Please retest against this new kernel, as a large number of patches
go into each upstream release, possibly including changes that
may address this problem.

This bug has been placed in NEEDINFO state.
Due to the large volume of inactive bugs in bugzilla, if this bug is
still in this state in two weeks time, it will be closed.

Should this bug still be relevant after this period, the reporter
can reopen the bug at any time. Any other users on the Cc: list
of this bug can request that the bug be reopened by adding a
comment to the bug.

In the last few updates, some users upgrading from FC4->FC5
have reported that installing a kernel update has left their
systems unbootable. If you have been affected by this problem
please check you only have one version of device-mapper & lvm2
installed.  See bug 207474 for further details.

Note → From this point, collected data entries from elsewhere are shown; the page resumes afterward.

lemma cspan_minimal:
  assumes "fun_subspace U" "A \<subseteq> U"
  shows "cspan A \<subseteq> U"
proof
  fix f assume "f \<in> cspan A"
  then obtain S c where "finite S" "S \<subseteq> A" "f = (\<lambda>p. \<Sum>v\<in>S. c v * v p)"
    unfolding cspan_def by blast
  with assms show "f \<in> U"
    by (auto intro!: fun_subspace_sum simp: fun_subspace_def)
qed

lemma monomial4_in_tensor_space: "monomial4 i j k l \<in> tensor_space"
  unfolding tensor_space_def by (rule subsetD[OF cspan_superset]) blast

lemma fun_subspace_tensor_space: "fun_subspace tensor_space"
  unfolding tensor_space_def by (rule fun_subspace_cspan)

lemma tensor_space_add:
  "f \<in> tensor_space \<Longrightarrow> g \<in> tensor_space \<Longrightarrow> (\<lambda>p. f p + g p) \<in> tensor_space"
  using fun_subspace_tensor_space by (simp add: fun_subspace_def)

lemma tensor_space_scale: "f \<in> tensor_space \<Longrightarrow> (\<lambda>p. c * f p) \<in> tensor_space"
  using fun_subspace_tensor_space by (simp add: fun_subspace_def)

lemma tensor_space_diff:
  "f \<in> tensor_space \<Longrightarrow> g \<in> tensor_space \<Longrightarrow> (\<lambda>p. f p - g p) \<in> tensor_space"
  using tensor_space_add[of f "\<lambda>p. (-1) * g p"] tensor_space_scale[of g "-1"] by simp

lemma tensor_space_const: "(\<lambda>p. c) \<in> tensor_space"
  using tensor_space_scale[OF monomial4_in_tensor_space[of 0 0 0 0], of c]
  by (simp add: monomial4_def case_prod_unfold)

lemma tensor_space_coordinates:
  "fst \<in> tensor_space" "(\<lambda>p. fst (snd p)) \<in> tensor_space"
  "(\<lambda>p. fst (snd (snd p))) \<in> tensor_space" "(\<lambda>p. snd (snd (snd p))) \<in> tensor_space"
  using monomial4_in_tensor_space[of 1 0 0 0] monomial4_in_tensor_space[of 0 1 0 0]
    monomial4_in_tensor_space[of 0 0 1 0] monomial4_in_tensor_space[of 0 0 0 1]
  by (simp_all add: monomial4_def case_prod_unfold fun_eq_iff)

lemma tensor_space_induct [consumes 1, case_names subspace monomial]:
  assumes "F \<in> tensor_space" "fun_subspace {F. P F}" "\<And>i j k l. P (monomial4 i j k l)"
  shows "P F"
proof -
  have "tensor_space \<subseteq> {F. P F}"
    unfolding tensor_space_def using assms(2,3) by (intro cspan_minimal) auto
  with assms(1) show ?thesis by blast
qed

lemma monomial4_mult:
  "(\<lambda>p. monomial4 i j k l p * monomial4 i' j' k' l' p) =
     monomial4 (i + i') (j + j') (k + k') (l + l')"
  by (auto simp: monomial4_def power_add)

lemma tensor_space_mult:
  assumes "f \<in> tensor_space" "g \<in> tensor_space"
  shows "(\<lambda>p. f p * g p) \<in> tensor_space"
  using assms(1)
proof (induction rule: tensor_space_induct)
  case subspace
  show ?case
    using tensor_space_add tensor_space_scale tensor_space_const[of 0]
    by (auto simp: fun_subspace_def distrib_right mult.assoc)
next
  case (monomial i j k l)
  show ?case
    using assms(2)
  proof (induction rule: tensor_space_induct)
    case subspace
    show ?case
      using tensor_space_add tensor_space_scale tensor_space_const[of 0]
      by (auto simp: fun_subspace_def distrib_left mult.left_commute)
  next
    case (monomial i' j' k' l')
    show ?case
      unfolding monomial4_mult by (rule monomial4_in_tensor_space)
  qed
qed

lemma tensor_space_power: "f \<in> tensor_space \<Longrightarrow> (\<lambda>p. f p ^ n) \<in> tensor_space"
  by (induction n) (simp_all add: tensor_space_const tensor_space_mult)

If this bug is a problem preventing you from installing the
release this version is filed against, please see bug 169613.

If this bug has been fixed, but you are now experiencing a different
problem, please file a separate bug for the new problem.

Thank you.

Comment 13 Ronny Bremer 2006-10-17 09:26:01 UTC

I tested it with the latest kernel from FC5 and it works fine now. Thank you!!!